= Nana-Ula =

Hero in Hawaiian mythology

In Hawaiian mythology, Nana-Ula or Nanaulu is the hero who led his people from Tahiti to Hawaii. He was the first King of Hawaii, and began the royal dynasty.

Kalakaua, during his reign as the last king of Hawaii, compiled the Legends and Mythology of Hawaii. He accepted the thesis of Abraham Fornander that the Polynesian "race" originated from "Aryans" in Asia Minor who emigrated to Southeast Asia via India and subsequent dispersal during the first and second centuries. These views were challenged at the time.

Their first general rendezvous was in the Fiji group, where they left their impress upon the native Papuans. Expelled from, or voluntarily leaving, the Fijis, after a sojourn there of several generations, the Polynesians scattered over the Pacific, occupying by stages the several groups of islands where they are now found. Moving by the way of the Samoan and Society Islands, the migratory wave did not reach the Hawaiian group until about the middle of the sixth century.

Nanaula, a distinguished chief, was the first to arrive from the southern islands. It is not known whether he discovered the group by being blown northward by adverse winds, or in deliberately adventuring far out upon the ocean in search of new lands.

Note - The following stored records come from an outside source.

lemma psi_mono: "1 \<le> r \<Longrightarrow> psi (r - 1) \<le> psi r"
proof -
  assume "1 \<le> r"
  then obtain n where r: "r = Suc n" by (cases r) auto
  show ?thesis
  proof (cases "l < real n")
    case True
    have "(real n - l) * l \<le> (real n + 1 - l) * real n" using True lpos by (intro mult_mono) auto
    hence "(real n - l) * l / (real n * l * poi n) \<le> (real n + 1 - l) * real n / (real n * l * poi n)"
      using True lpos poi_pos[of n] by (intro divide_right_mono) auto
    then show ?thesis
      using True lpos poi_pos[of n] by (simp add: r psi_def poi_Suc add.commute ac_simps)
  next
    case False
    then show ?thesis using psi_nonneg[of r] by (simp add: r psi_def)
  qed
qed

lemma mult_phi_mono: "1 \<le> r \<Longrightarrow> real (r - 1) * phi (r - 1) \<le> real r * phi r"
  using phi_mono[of r] phi_nonneg[of "r - 1"] by (intro mult_mono) auto

lemma phi_mult_poi: "phi r * poi r = max (real r - l) 0"
  using poi_pos[of r] lpos by (simp add: phi_def)

lemma psi_mult_poi: "1 \<le> r \<Longrightarrow> psi r * poi (r - 1) = max (real r - l) 0 / l"
proof -
  assume "1 \<le> r"
  then obtain n where r: "r = Suc n" by (cases r) auto
  have "real r * poi r = l * poi (r - 1)" unfolding r poi_Suc using lpos by simp
  then show ?thesis using poi_pos[of "r - 1"] poi_pos[of r] lpos r
    by (auto simp: psi_def field_simps)
qed

section \<open>Comparing the tails of W with the Poisson tails\<close>

lemma eta_nonneg: "eta pW l k \<ge> 0"
proof -
  define S where "S = {r::nat. l \<le> real r \<and> r \<le> k}"
  have fin: "finite S" unfolding S_def by (rule finite_subset[of _ "{..k}"]) auto
  show ?thesis
  proof (cases "S = {}")
    case True then show ?thesis by (simp add: eta_def S_def[symmetric])
  next
    case False
    then obtain r where r: "r \<in> S" by auto
    have "0 \<le> measure_pmf.prob pW {r..} / poi_tail r" by simp
    also have "\<dots> \<le> Max ((\<lambda>r. measure_pmf.prob pW {r..} / poi_tail r) ` S)"
      using fin r by (intro Max_ge) auto
    finally show ?thesis using False by (simp add: eta_def S_def[symmetric])
  qed
qed

lemma tail_le_eta:
  assumes "l \<le> real r" "r \<le> k"
  shows "measure_pmf.prob pW {r..} \<le> eta pW l k * poi_tail r"
proof -
  define S where "S = {r::nat. l \<le> real r \<and> r \<le> k}"
  have fin: "finite S" unfolding S_def by (rule finite_subset[of _ "{..k}"]) auto
  have r: "r \<in> S" using assms by (simp add: S_def)
  have "measure_pmf.prob pW {r..} / poi_tail r \<le> Max ((\<lambda>r. measure_pmf.prob pW {r..} / poi_tail r) ` S)"
    using fin r by (intro Max_ge) auto
  also have "\<dots> = eta pW l k" using r by (auto simp: eta_def S_def[symmetric])
  finally show ?thesis using poi_tail_pos[of r] by (simp add: divide_le_eq)
qed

In either event, he brought with him his gods, priests, prophets and astrologers, and a considerable body of followers and retainers. He was also provided with dogs, swine and fowls, and the seeds and germs of useful plants for propagation. It is probable that he found the group without human inhabitants.

During that period——probably during the life of Nanaula——other chiefs of less importance arrived with their families and followers either from Tahiti or Samoa. They came in barges and large double canoes capable of accommodating from fifty to one hundred persons each. They brought with them not only their priests and gods, but the earliest of Polynesian traditions. It is thought that none of the pioneers of the time of Nanaula ever returned to the southern islands, nor did others immediately follow the first migratory wave that peopled the Hawaiian group.